(RECORDS SHOWN)
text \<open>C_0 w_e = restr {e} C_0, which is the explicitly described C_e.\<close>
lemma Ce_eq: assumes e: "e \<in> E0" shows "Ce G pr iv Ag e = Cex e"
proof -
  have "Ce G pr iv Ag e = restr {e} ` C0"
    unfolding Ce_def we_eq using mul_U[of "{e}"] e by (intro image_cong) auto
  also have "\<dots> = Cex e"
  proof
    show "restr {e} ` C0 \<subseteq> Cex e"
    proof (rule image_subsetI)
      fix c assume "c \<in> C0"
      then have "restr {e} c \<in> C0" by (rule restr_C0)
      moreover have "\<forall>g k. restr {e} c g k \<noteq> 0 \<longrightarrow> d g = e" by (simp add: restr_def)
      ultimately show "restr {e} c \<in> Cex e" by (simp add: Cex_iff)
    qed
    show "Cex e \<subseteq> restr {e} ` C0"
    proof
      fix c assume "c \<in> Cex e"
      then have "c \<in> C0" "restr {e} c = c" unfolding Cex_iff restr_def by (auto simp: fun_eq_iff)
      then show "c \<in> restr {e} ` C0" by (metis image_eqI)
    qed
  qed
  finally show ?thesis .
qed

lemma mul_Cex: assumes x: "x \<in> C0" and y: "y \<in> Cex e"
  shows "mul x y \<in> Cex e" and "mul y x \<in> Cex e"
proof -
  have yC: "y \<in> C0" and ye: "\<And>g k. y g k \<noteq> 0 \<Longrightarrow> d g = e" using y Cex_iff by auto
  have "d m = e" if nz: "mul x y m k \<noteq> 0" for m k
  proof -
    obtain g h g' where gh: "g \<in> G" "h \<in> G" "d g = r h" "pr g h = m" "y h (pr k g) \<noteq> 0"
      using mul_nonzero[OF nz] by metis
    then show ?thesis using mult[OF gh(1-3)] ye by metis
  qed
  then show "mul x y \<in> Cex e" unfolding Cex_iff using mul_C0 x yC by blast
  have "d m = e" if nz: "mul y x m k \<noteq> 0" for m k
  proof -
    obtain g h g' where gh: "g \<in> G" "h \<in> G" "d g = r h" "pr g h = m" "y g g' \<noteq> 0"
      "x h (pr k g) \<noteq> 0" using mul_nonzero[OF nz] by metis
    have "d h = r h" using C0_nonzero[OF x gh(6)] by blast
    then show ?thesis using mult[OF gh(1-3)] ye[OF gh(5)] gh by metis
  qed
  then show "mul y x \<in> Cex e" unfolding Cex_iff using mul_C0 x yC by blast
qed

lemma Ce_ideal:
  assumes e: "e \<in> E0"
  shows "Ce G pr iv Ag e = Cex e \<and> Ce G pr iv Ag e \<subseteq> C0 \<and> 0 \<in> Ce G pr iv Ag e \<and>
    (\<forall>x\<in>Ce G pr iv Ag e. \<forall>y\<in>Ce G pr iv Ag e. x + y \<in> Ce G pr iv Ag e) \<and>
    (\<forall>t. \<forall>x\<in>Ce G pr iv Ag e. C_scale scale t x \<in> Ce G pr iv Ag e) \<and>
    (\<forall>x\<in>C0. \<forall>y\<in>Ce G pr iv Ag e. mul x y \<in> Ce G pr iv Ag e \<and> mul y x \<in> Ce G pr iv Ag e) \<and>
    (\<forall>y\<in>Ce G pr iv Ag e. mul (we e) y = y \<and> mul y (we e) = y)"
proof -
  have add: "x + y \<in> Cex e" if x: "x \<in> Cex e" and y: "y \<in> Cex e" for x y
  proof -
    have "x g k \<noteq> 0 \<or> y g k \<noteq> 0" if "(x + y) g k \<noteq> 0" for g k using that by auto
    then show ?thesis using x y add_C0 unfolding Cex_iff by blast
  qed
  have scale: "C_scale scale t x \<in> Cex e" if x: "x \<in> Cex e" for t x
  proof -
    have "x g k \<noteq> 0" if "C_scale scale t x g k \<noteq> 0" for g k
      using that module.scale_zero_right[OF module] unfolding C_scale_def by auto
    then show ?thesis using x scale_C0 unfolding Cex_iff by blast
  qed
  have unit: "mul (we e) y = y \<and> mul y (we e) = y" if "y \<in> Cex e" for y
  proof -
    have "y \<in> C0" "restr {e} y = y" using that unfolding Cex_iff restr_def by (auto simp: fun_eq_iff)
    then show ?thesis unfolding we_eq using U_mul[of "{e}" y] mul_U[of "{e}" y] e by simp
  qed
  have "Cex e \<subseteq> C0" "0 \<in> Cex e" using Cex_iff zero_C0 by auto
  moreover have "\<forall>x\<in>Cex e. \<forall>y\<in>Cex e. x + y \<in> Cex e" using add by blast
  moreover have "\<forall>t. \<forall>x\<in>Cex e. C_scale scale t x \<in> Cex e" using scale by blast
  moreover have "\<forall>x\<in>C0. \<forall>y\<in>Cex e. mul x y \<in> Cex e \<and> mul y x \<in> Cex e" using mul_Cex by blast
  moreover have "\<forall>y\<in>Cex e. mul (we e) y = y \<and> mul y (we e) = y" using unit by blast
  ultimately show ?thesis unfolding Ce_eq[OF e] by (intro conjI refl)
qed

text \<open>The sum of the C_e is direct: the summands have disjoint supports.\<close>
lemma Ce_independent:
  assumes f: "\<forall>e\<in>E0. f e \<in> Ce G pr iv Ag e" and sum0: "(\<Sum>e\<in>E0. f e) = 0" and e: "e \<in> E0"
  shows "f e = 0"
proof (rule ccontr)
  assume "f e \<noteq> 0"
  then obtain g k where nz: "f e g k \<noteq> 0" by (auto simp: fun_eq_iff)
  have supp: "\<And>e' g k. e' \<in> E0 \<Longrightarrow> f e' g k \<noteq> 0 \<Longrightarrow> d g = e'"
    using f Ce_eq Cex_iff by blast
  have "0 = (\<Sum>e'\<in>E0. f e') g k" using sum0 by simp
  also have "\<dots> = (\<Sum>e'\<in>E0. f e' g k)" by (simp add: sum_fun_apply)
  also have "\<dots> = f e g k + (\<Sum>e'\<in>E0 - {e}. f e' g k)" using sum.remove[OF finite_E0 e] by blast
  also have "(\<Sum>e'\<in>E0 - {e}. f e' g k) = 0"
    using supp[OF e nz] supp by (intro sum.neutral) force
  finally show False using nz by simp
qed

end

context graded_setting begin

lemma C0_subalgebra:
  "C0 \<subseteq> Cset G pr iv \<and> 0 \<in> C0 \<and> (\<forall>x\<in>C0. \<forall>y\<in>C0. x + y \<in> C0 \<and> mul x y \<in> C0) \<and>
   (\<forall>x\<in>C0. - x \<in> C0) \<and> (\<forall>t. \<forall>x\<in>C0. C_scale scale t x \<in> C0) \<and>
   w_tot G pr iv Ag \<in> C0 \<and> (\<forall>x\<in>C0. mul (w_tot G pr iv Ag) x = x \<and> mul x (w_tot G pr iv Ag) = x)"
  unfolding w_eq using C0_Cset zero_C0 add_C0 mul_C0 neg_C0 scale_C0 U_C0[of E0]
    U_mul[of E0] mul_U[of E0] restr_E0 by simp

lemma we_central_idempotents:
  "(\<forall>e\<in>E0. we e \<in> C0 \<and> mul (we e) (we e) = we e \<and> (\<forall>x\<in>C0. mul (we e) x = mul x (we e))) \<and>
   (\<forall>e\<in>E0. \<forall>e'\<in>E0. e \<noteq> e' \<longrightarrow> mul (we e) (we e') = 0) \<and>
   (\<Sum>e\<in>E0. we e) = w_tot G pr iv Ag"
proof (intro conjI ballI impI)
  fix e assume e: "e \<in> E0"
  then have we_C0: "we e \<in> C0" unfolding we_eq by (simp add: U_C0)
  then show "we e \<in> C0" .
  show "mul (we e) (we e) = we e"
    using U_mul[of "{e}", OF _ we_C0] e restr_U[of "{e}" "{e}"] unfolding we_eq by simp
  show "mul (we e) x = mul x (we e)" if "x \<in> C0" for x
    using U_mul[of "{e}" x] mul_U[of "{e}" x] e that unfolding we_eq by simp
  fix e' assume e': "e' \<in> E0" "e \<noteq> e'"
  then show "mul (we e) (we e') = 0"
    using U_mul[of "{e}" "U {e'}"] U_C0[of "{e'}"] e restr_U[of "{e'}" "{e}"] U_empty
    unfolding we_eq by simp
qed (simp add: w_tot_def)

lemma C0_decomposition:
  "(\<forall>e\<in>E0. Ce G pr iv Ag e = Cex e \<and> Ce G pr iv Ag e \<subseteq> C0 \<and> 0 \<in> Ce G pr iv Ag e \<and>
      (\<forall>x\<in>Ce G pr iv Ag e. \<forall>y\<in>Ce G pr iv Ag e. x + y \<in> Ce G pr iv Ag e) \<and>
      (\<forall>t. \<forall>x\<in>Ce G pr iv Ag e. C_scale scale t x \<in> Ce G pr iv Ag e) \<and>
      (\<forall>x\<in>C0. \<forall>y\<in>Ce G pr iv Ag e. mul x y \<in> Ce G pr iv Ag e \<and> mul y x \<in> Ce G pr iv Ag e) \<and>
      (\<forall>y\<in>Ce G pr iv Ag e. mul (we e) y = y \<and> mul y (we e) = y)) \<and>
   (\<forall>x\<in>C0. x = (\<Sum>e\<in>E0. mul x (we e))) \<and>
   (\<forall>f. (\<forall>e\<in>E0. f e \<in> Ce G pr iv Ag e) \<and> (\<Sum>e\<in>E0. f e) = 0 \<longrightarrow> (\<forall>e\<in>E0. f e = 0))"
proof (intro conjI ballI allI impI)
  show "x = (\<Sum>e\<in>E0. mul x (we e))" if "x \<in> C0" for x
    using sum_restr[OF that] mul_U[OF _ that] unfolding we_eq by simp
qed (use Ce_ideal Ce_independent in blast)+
(End RECORDS SHOWN)
(RECORDS SHOWN)
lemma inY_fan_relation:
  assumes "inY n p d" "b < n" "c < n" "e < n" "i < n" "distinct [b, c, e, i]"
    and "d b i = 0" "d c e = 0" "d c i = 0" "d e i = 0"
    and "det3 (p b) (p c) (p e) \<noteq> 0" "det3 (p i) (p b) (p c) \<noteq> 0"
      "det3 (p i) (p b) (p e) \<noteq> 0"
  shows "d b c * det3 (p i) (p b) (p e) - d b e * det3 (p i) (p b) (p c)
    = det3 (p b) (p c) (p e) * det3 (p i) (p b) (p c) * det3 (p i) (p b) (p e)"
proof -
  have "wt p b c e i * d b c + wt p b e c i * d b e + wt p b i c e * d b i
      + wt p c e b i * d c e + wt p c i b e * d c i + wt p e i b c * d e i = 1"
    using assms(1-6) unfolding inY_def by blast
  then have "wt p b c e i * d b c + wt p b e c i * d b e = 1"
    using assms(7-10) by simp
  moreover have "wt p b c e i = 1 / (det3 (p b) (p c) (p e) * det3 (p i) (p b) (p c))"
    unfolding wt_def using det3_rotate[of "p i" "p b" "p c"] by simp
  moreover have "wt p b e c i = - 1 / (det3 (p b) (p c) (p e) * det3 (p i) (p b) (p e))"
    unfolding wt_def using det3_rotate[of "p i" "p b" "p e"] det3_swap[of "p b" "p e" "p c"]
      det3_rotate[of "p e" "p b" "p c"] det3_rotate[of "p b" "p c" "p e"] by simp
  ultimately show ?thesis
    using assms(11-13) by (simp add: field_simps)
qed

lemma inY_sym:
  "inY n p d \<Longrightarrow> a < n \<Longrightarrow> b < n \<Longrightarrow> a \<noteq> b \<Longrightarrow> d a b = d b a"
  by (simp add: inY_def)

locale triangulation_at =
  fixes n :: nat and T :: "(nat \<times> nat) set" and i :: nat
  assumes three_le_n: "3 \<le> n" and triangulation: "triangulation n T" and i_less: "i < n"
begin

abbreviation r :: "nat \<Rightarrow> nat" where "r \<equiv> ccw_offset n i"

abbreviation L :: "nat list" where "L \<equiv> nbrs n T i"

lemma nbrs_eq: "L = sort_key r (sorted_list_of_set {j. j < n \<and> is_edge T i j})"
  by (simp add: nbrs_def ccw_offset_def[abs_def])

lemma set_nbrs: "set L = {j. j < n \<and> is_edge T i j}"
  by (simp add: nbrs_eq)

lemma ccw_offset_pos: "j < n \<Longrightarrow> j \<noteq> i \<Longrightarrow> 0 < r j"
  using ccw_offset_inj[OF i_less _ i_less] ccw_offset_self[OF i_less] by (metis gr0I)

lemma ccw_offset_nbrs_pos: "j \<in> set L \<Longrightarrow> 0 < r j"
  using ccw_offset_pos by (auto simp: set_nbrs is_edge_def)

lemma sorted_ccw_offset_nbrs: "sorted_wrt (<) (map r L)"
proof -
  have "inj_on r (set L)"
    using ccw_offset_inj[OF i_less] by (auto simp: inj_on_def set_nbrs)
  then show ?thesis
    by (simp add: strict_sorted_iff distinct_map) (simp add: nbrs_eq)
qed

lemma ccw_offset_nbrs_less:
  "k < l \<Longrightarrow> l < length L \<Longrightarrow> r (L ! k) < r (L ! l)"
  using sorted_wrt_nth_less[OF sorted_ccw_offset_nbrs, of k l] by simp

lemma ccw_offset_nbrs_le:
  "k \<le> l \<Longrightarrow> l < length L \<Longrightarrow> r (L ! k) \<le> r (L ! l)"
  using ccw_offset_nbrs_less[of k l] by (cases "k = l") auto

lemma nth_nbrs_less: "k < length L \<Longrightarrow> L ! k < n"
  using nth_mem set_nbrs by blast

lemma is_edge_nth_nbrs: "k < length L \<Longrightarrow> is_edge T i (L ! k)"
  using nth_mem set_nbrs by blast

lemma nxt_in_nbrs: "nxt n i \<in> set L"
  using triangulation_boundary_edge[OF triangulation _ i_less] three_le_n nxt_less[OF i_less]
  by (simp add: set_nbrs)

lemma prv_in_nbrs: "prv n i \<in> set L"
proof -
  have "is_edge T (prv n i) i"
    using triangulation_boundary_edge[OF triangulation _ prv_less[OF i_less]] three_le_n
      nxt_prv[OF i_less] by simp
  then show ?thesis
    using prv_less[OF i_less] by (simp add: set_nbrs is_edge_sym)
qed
(End RECORDS SHOWN)
(RECORDS SHOWN)
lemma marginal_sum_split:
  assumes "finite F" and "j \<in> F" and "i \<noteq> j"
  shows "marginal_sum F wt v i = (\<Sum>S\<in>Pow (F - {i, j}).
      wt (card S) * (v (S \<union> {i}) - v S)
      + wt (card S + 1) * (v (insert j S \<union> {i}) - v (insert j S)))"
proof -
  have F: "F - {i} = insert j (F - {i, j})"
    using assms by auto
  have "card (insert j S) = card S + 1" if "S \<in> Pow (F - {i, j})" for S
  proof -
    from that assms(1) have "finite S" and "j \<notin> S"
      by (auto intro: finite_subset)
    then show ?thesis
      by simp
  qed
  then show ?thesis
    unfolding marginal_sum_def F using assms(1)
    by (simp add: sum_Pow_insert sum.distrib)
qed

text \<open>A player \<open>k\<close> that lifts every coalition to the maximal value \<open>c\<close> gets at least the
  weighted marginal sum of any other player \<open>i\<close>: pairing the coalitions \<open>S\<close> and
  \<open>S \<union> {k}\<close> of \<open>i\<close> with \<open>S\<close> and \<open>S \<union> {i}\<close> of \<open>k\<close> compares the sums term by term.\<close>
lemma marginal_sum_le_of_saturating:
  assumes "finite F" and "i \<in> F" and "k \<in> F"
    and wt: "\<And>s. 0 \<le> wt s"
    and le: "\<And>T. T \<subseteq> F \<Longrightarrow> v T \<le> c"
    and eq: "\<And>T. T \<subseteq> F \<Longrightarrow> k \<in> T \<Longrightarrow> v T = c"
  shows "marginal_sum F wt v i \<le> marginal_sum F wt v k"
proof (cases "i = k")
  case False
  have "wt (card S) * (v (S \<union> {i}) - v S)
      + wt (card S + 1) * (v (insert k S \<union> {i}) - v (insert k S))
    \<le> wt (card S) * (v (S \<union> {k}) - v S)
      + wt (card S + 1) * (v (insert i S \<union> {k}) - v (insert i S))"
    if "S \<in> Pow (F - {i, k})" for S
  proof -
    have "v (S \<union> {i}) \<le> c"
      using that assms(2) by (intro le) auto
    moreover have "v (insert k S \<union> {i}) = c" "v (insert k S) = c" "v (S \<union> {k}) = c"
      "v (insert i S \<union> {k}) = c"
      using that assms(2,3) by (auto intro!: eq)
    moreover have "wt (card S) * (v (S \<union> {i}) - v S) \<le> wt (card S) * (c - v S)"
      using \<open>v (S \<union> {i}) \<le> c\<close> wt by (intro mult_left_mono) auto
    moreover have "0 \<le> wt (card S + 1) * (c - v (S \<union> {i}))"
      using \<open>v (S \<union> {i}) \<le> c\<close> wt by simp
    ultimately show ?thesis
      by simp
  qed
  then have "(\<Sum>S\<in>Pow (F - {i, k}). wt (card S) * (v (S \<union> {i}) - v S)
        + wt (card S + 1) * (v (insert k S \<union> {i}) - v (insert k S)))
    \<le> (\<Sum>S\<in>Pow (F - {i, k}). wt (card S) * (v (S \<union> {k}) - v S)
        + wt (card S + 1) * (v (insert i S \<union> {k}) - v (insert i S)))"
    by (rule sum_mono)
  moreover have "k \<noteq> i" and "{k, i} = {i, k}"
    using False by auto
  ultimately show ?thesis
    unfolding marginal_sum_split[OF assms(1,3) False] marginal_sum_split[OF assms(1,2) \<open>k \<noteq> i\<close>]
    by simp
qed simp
(End RECORDS SHOWN)
* **PROBLEM DETAILS**
From the entries above, copy each line holding "assms".

* **WRITTEN RESPONSE**
    using assms(1-6) unfolding inY_def by blast
    using assms(7-10) by simp
    using assms(11-13) by (simp add: field_simps)
    using assms by auto
    from that assms(1) have "finite S" and "j \<notin> S"
    unfolding marginal_sum_def F using assms(1)
      using that assms(2) by (intro le) auto
      using that assms(2,3) by (auto intro!: eq)
    unfolding marginal_sum_split[OF assms(1,3) False] marginal_sum_split[OF assms(1,2) \<open>k \<noteq> i\<close>]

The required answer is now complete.